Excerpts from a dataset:
(* Let $0<L,W<\infty$, $\tau=iW/L$, $N\in\mathbb{N}$, and let $R_N$ be any of $A_{N-1},B_N,B_N^\vee,C_N,C_N^\vee,BC_N,D_N$. For $\mathbf{z}=(z_1,\dots,z_N)\in\mathbb{C}^N$, $z_j=x_j+iy_j$, define $q(\mathbf{z})=q^{R_N}(\mathbf{z})=C^{R_N}(\mathbf{z})\,W^{R_N}(\mathbf{z}/L;\tau)$. Then for every $m=1,\dots,N$, $$q(\sigma_m(L)\mathbf{z})=\mathrm{sgn}_{(L)}\,q(\mathbf{z}),\qquad q(\sigma_m(iW)\mathbf{z})=\mathrm{sgn}_{(iW)}\,e^{-2\pi i\mathcal{N}x_m/L}\,q(\mathbf{z}),$$ where $\mathrm{sgn}_{(L)}=1$ for $R_N=A_{N-1}$ with $N$ odd, $B_N^\vee$, $C_N$, $D_N$, and $\mathrm{sgn}_{(L)}=-1$ for $R_N=A_{N-1}$ with $N$ even, $B_N$, $C_N^\vee$, $BC_N$; and $\mathrm{sgn}_{(iW)}=1$ for $R_N=A_{N-1},C_N,C_N^\vee,BC_N,D_N$, $\mathrm{sgn}_{(iW)}=-1$ for $R_N=B_N,B_N^\vee$.
   Context: Jacobi theta functions: for $v\in\mathbb{C}$, $\tau$ with $\Im\tau>0$, $q_0=e^{\pi i\tau}$: $\vartheta_0(v;\tau)=\sum_{n\in\mathbb{Z}}(-1)^nq_0^{n^2}e^{2\pi inv}$, $\vartheta_1(v;\tau)=i\sum_{n\in\mathbb{Z}}(-1)^nq_0^{(n-1/2)^2}e^{(2n-1)\pi iv}$, $\vartheta_2(v;\tau)=\sum_{n\in\mathbb{Z}}q_0^{(n-1/2)^2}e^{(2n-1)\pi iv}$, $\vartheta_3(v;\tau)=\sum_{n\in\mathbb{Z}}q_0^{n^2}e^{2\pi inv}$. The integer $\mathcal{N}=\mathcal{N}^{R_N}$ is: $N$ for $A_{N-1}$; $2N-1$ for $B_N$; $2N$ for $B_N^\vee,C_N^\vee$; $2(N+1)$ for $C_N$; $2N+1$ for $BC_N$; $2(N-1)$ for $D_N$. Macdonald denominators, for $\boldsymbol\xi\in\mathbb{C}^N$, with $P(\boldsymbol\xi)=\prod_{1\le j<k\le N}\vartheta_1(\xi_k-\xi_j;\tau)\vartheta_1(\xi_k+\xi_j;\tau)$: $W^{A_{N-1}}=\prod_{j<k}\vartheta_1(\xi_k-\xi_j;\tau)$; $W^{B_N}=\prod_\ell\vartheta_1(\xi_\ell;\tau)P$; $W^{B_N^\vee}=\prod_\ell\vartheta_1(2\xi_\ell;2\tau)P$; $W^{C_N}=\prod_\ell\vartheta_1(2\xi_\ell;\tau)P$; $W^{C_N^\vee}=\prod_\ell\vartheta_1(\xi_\ell;\tau/2)P$; $W^{BC_N}=\prod_\ell\vartheta_1(\xi_\ell;\tau)\vartheta_0(2\xi_\ell;2\tau)P$; $W^{D_N}=P$. Let $s(N)=0$ if $N$ is even and $s(N)=3$ if $N$ is odd. Define $C^{A_{N-1}}(\mathbf{z})=\exp(-\frac{\pi\mathcal{N}}{LW}\sum_j y_j^2)\,\vartheta_{s(N)}(\sum_k z_k/L;\tau)$ and $C^{R_N}(\mathbf{z})=\exp(-\frac{\pi\mathcal{N}}{LW}\sum_j y_j^2)$ for the other six types. $\mathbf{z}/L=(z_1/L,\dots,z_N/L)$. The shift operator $\sigma_m(w)$ replaces $z_m$ by $z_m+w$ and leaves the other coordinates unchanged. *)

theory Defs
  imports "HOL-Analysis.Analysis"
begin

=== EXERCISE PROMPT ===
Every line of the data above is to be copied out exactly.

=== ANSWER ===
(* Let $0<L,W<\infty$, $\tau=iW/L$, $N\in\mathbb{N}$, and let $R_N$ be any of $A_{N-1},B_N,B_N^\vee,C_N,C_N^\vee,BC_N,D_N$. For $\mathbf{z}=(z_1,\dots,z_N)\in\mathbb{C}^N$, $z_j=x_j+iy_j$, define $q(\mathbf{z})=q^{R_N}(\mathbf{z})=C^{R_N}(\mathbf{z})\,W^{R_N}(\mathbf{z}/L;\tau)$. Then for every $m=1,\dots,N$, $$q(\sigma_m(L)\mathbf{z})=\mathrm{sgn}_{(L)}\,q(\mathbf{z}),\qquad q(\sigma_m(iW)\mathbf{z})=\mathrm{sgn}_{(iW)}\,e^{-2\pi i\mathcal{N}x_m/L}\,q(\mathbf{z}),$$ where $\mathrm{sgn}_{(L)}=1$ for $R_N=A_{N-1}$ with $N$ odd, $B_N^\vee$, $C_N$, $D_N$, and $\mathrm{sgn}_{(L)}=-1$ for $R_N=A_{N-1}$ with $N$ even, $B_N$, $C_N^\vee$, $BC_N$; and $\mathrm{sgn}_{(iW)}=1$ for $R_N=A_{N-1},C_N,C_N^\vee,BC_N,D_N$, $\mathrm{sgn}_{(iW)}=-1$ for $R_N=B_N,B_N^\vee$.
   Context: Jacobi theta functions: for $v\in\mathbb{C}$, $\tau$ with $\Im\tau>0$, $q_0=e^{\pi i\tau}$: $\vartheta_0(v;\tau)=\sum_{n\in\mathbb{Z}}(-1)^nq_0^{n^2}e^{2\pi inv}$, $\vartheta_1(v;\tau)=i\sum_{n\in\mathbb{Z}}(-1)^nq_0^{(n-1/2)^2}e^{(2n-1)\pi iv}$, $\vartheta_2(v;\tau)=\sum_{n\in\mathbb{Z}}q_0^{(n-1/2)^2}e^{(2n-1)\pi iv}$, $\vartheta_3(v;\tau)=\sum_{n\in\mathbb{Z}}q_0^{n^2}e^{2\pi inv}$. The integer $\mathcal{N}=\mathcal{N}^{R_N}$ is: $N$ for $A_{N-1}$; $2N-1$ for $B_N$; $2N$ for $B_N^\vee,C_N^\vee$; $2(N+1)$ for $C_N$; $2N+1$ for $BC_N$; $2(N-1)$ for $D_N$. Macdonald denominators, for $\boldsymbol\xi\in\mathbb{C}^N$, with $P(\boldsymbol\xi)=\prod_{1\le j<k\le N}\vartheta_1(\xi_k-\xi_j;\tau)\vartheta_1(\xi_k+\xi_j;\tau)$: $W^{A_{N-1}}=\prod_{j<k}\vartheta_1(\xi_k-\xi_j;\tau)$; $W^{B_N}=\prod_\ell\vartheta_1(\xi_\ell;\tau)P$; $W^{B_N^\vee}=\prod_\ell\vartheta_1(2\xi_\ell;2\tau)P$; $W^{C_N}=\prod_\ell\vartheta_1(2\xi_\ell;\tau)P$; $W^{C_N^\vee}=\prod_\ell\vartheta_1(\xi_\ell;\tau/2)P$; $W^{BC_N}=\prod_\ell\vartheta_1(\xi_\ell;\tau)\vartheta_0(2\xi_\ell;2\tau)P$; $W^{D_N}=P$. Let $s(N)=0$ if $N$ is even and $s(N)=3$ if $N$ is odd. Define $C^{A_{N-1}}(\mathbf{z})=\exp(-\frac{\pi\mathcal{N}}{LW}\sum_j y_j^2)\,\vartheta_{s(N)}(\sum_k z_k/L;\tau)$ and $C^{R_N}(\mathbf{z})=\exp(-\frac{\pi\mathcal{N}}{LW}\sum_j y_j^2)$ for the other six types. $\mathbf{z}/L=(z_1/L,\dots,z_N/L)$. The shift operator $\sigma_m(w)$ replaces $z_m$ by $z_m+w$ and leaves the other coordinates unchanged. *)

theory Defs
  imports "HOL-Analysis.Analysis"
begin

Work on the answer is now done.